Since then, we were texting again about something and I joked that he loved me now and he replied 'that's true'. I was also very ill recently and he said he'd come and look after me if I needed him to. Something very out of character for him to say. It sounds like he considers you an important person in his life and he cares about you, that's very sweet.

I wouldn't assume he means romantic love. If he was interested in a romantic way I'd expect he'd ask you on a date or make some gesture that invites a shift in your behaviour with each other and how you spend time together, rather than an 'I love you' thrown into your daily banter.

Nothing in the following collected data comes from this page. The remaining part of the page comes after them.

(* Let $p$ be a prime, $n\ge2$, $1\le k\le n-1$ and $0\le l\le n$. Then \[ \nu_{n,k,l}(p)=G_{k,n}+(p^l-1)G_{k-1,n-1}, \] and moreover \[ \nu_{n,k,l}(p)/\nu_{n,n-k,n-l}(p)=p^{k+l-n}. \]
   Context: For $0\le j\le n$, $\nu_{n,k,j}(p)=\sum_{W\subset\mathbb{F}_p^n,\ \dim W=k}p^{\dim(W\cap U)}$, where $U\subset\mathbb{F}_p^n$ is any fixed $j$-dimensional subspace (the value is independent of $U$). $G_{a,b}$ is the number of $a$-dimensional subspaces of $\mathbb{F}_p^b$, i.e. $G_{a,b}=\frac{[b]!}{[a]![b-a]!}$ with $[m]=(p^m-1)/(p-1)$ and $[m]!=\prod_{i=1}^m[i]$. *)

theory Defs
  imports "HOL-Analysis.Analysis"
begin

text \<open>The vector space F_p^n is modelled as 'a ^ 'n, where 'a is a finite field with
  CARD('a) = p prime (hence 'a is isomorphic to F_p) and n = CARD('n).\<close>

definition nu :: "nat \<Rightarrow> ('a::{field,finite} ^ 'n) set \<Rightarrow> nat" where
  "nu k U = (\<Sum>W\<in>{W. vec.subspace W \<and> vec.dim W = k}.
               CARD('a) ^ vec.dim (W \<inter> U))"

definition qint :: "nat \<Rightarrow> nat \<Rightarrow> real" where
  "qint p m = (real p ^ m - 1) / (real p - 1)"

definition qfact :: "nat \<Rightarrow> nat \<Rightarrow> real" where
  "qfact p m = (\<Prod>i\<in>{1..m}. qint p i)"

definition G :: "nat \<Rightarrow> nat \<Rightarrow> nat \<Rightarrow> real" where
  "G p a b = qfact p b / (qfact p a * qfact p (b - a))"

end

(*
  Since W \<inter> U has p ^ dim (W \<inter> U) elements, nu k U counts the pairs (W, u) with
  u \<in> W \<inter> U.  The zero vector lies in all G(k, n) subspaces of dimension k, and each of the
  p ^ l - 1 nonzero vectors of U lies in G(k - 1, n - 1) of them; more generally, extending
  a basis shows that a j-dimensional subspace lies in G(k - j, n - j) subspaces of
  dimension k.  For the ratio, q-absorption [k] G(k, n) = [n] G(k - 1, n - 1) and the
  symmetry G(n - k, n) = G(k, n) express both values through G(k, n), and the quotient
  becomes (p^n + p^(k+l) - p^k - p^l) / (p^n + p^(2n-k-l) - p^(n-k) - p^(n-l)) = p^(k+l-n).
*)
theory Submission
  imports Defs
begin

lemma qfact_0 [simp]: "qfact p 0 = 1"
  by (simp add: qfact_def)

lemma qfact_Suc: "qfact p (Suc m) = qfact p m * qint p (Suc m)"
  by (simp add: qfact_def prod.nat_ivl_Suc' mult.commute)

lemma qint_pos: "2 \<le> p \<Longrightarrow> 1 \<le> m \<Longrightarrow> 0 < qint p m"
  unfolding qint_def by (intro divide_pos_pos) (auto intro!: one_less_power)

lemma qfact_pos: "2 \<le> p \<Longrightarrow> 0 < qfact p m"
  by (induction m) (auto simp: qfact_def qfact_Suc qint_pos)

lemma power_diff_eq_qint:
  assumes "p \<noteq> 1" "i \<le> n"
  shows "real p ^ n - real p ^ i = real p ^ i * (real p - 1) * qint p (n - i)"
proof -
  have "(real p - 1) * qint p (n - i) = real p ^ (n - i) - 1"
    using assms(1) by (simp add: qint_def)
  moreover have "real p ^ n - real p ^ i = real p ^ i * (real p ^ (n - i) - 1)"
    using assms(2) by (simp add: algebra_simps flip: power_add)
  ultimately show ?thesis
    by simp
qed

lemma qfact_eq_mult_prod_qint:
  "k \<le> n \<Longrightarrow> qfact p n = qfact p (n - k) * (\<Prod>i<k. qint p (n - i))"
proof (induction k)
  case (Suc k)
  then have "qfact p (n - k) = qfact p (n - Suc k) * qint p (n - k)"
    using qfact_Suc[of p "n - Suc k"] by (simp add: Suc_diff_Suc)
  with Suc show ?case by simp
qed simp

lemma G_eq_prod_ratio:
  assumes "2 \<le> p" "k \<le> n"
  shows "G p k n = (\<Prod>i<k. real p ^ n - real p ^ i) / (\<Prod>i<k. real p ^ k - real p ^ i)"
proof -
  define c where "c = (\<Prod>i<k. real p ^ i * (real p - 1))"
  have prod_eq: "(\<Prod>i<k. real p ^ m - real p ^ i) = c * qfact p m / qfact p (m - k)"
    if "k \<le> m" for m
  proof -
    have "(\<Prod>i<k. real p ^ m - real p ^ i) = c * (\<Prod>i<k. qint p (m - i))"
      using assms(1) that by (simp add: c_def power_diff_eq_qint prod.distrib)
    also have "\<dots> = c * qfact p m / qfact p (m - k)"
      using qfact_eq_mult_prod_qint[OF that, of p] qfact_pos[OF assms(1), of "m - k"] by simp
    finally show ?thesis .
  qed
  have "c \<noteq> 0"
    using assms(1) by (simp add: c_def prod_zero_iff)
  moreover have "qfact p k \<noteq> 0" "qfact p (n - k) \<noteq> 0"
    using qfact_pos[OF assms(1)] by (metis less_irrefl)+
  ultimately have "G p k n = (c * qfact p n / qfact p (n - k)) / (c * qfact p k)"
    by (simp add: G_def field_simps)
  then show ?thesis
    using prod_eq[OF assms(2)] prod_eq[of k] by simp
qed

lemma prod_power_diff_shift:
  fixes x :: "'a::comm_ring_1"
  assumes "j \<le> m"
  shows "(\<Prod>i\<in>{j..<k}. x ^ m - x ^ i) = (x ^ j) ^ (k - j) * (\<Prod>i<k - j. x ^ (m - j) - x ^ i)"
proof (cases "j \<le> k")
  case True
  have "(\<Prod>i\<in>{j..<k}. x ^ m - x ^ i) = (\<Prod>i<k - j. x ^ m - x ^ (i + j))"
    using True prod.shift_bounds_nat_ivl[of "\<lambda>i. x ^ m - x ^ i" 0 j "k - j"]
    by (simp add: atLeast0LessThan)
  also have "\<dots> = (\<Prod>i<k - j. x ^ j * (x ^ (m - j) - x ^ i))"
    using assms by (intro prod.cong) (auto simp: algebra_simps simp flip: power_add)
  finally show ?thesis
    by (simp add: prod.distrib)
qed simp

lemma G_eq_prod_ratio_from:
  assumes "2 \<le> p" "j \<le> k" "k \<le> n"
  shows "G p (k - j) (n - j) =
           (\<Prod>i\<in>{j..<k}. real p ^ n - real p ^ i) / (\<Prod>i\<in>{j..<k}. real p ^ k - real p ^ i)"
  using assms G_eq_prod_ratio[of p "k - j" "n - j"]
  by (simp add: prod_power_diff_shift)

lemma card_field_ge_two: "2 \<le> CARD('a::{field,finite})"
  using card_mono[of "UNIV :: 'a set" "{0, 1}"] by simp

lemma card_subspace:
  fixes S :: "('a::{field,finite}^'n) set"
  assumes "vec.subspace S"
  shows "card S = CARD('a) ^ vec.dim S"
proof -
  obtain B where B: "B \<subseteq> S" "vec.independent B" "S \<subseteq> vec.span B" "card B = vec.dim S"
    using vec.basis_exists by blast
  have span_B: "vec.span B = S"
    using B assms vec.span_subspace by blast
  define comb where "comb u = (\<Sum>v\<in>B. u v *s v)" for u :: "_ \<Rightarrow> 'a"
  let ?coeffs = "PiE B (\<lambda>_. UNIV :: 'a set)"
  have "comb ` ?coeffs = S"
  proof
    show "comb ` ?coeffs \<subseteq> S"
      using span_B vec.span_finite[of B] comb_def by auto
    show "S \<subseteq> comb ` ?coeffs"
    proof
      fix x assume "x \<in> S"
      then obtain u where "x = comb u"
        using span_B vec.span_finite[of B] comb_def by auto
      moreover have "comb u = comb (restrict u B)"
        unfolding comb_def by (rule sum.cong) auto
      ultimately show "x \<in> comb ` ?coeffs" by auto
    qed
  qed
  moreover have "inj_on comb ?coeffs"
  proof (rule inj_onI)
    fix u w assume u: "u \<in> ?coeffs" and w: "w \<in> ?coeffs" and "comb u = comb w"
    then have "(\<Sum>v\<in>B. (u v - w v) *s v) = 0"
      unfolding comb_def by (simp add: vector_sub_rdistrib sum_subtractf)
    then have "\<forall>v\<in>B. u v - w v = 0"
      using B(2) vec.independent_explicit[of B] by (auto elim!: allE[of _ "\<lambda>v. u v - w v"])
    then show "u = w"
      using u w by (auto simp: PiE_def extensional_def fun_eq_iff)
  qed
  ultimately have "card S = card ?coeffs"
    using card_image by fastforce
  also have "\<dots> = CARD('a) ^ vec.dim S"
    using B(4) by (simp add: card_PiE)
  finally show ?thesis .
qed

definition independent_extensions ::
    "('a::field^'n) set \<Rightarrow> ('a^'n) list \<Rightarrow> nat \<Rightarrow> ('a^'n) list set" where
  "independent_extensions V xs r =
     {ys. length ys = r \<and> set ys \<subseteq> V \<and> distinct (xs @ ys) \<and> vec.independent (set (xs @ ys))}"

lemma finite_independent_extensions:
  "finite (independent_extensions (V :: ('a::{field,finite}^'n) set) xs r)"
proof (rule finite_subset)
  show "independent_extensions V xs r \<subseteq> {ys. set ys \<subseteq> UNIV \<and> length ys = r}"
    by (auto simp: independent_extensions_def)
  show "finite {ys :: ('a^'n) list. set ys \<subseteq> UNIV \<and> length ys = r}"
    by (rule finite_lists_length_eq) simp
qed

I tell many friends I love them, I'm not saying I'm in love with them. If your friend is gay not bi he obviously hasnt changed his sexuality for you. Assuming he's actually gay which we should do, then the obvious answer is no it would seem he's not romantically in love with you but platonically.

Log in to update your newsletter preferences. I tell platonic friends that I love them all the time. Doesn't mean I'm attracted to them or that I want a relationship. And it would honestly never cross my mind that I'd somehow converted a gay friend if he told me, in context, that he loved me.

I tell my friends I love them all the time! I hope they don't think I'm in love with them. Though to be fair they also say it to me so I could be unknowingly in a lot of romantic relationships. Apart from family, he is the single most reliable long term love in my life. It would also be unusual for someone to just declare romantic love for a friend with no conversation about or hint of attraction before hand.

Well it would help if you clarified whether you were male or female in your OP. The "My male gay friend. Is your male friend a doctor by any chance? Like the gay married man to a man that sexually assaulted me…. I just love them and care a lot about them. Sorry to hear you were assaulted Blue4YOUbut no he's not a doctor.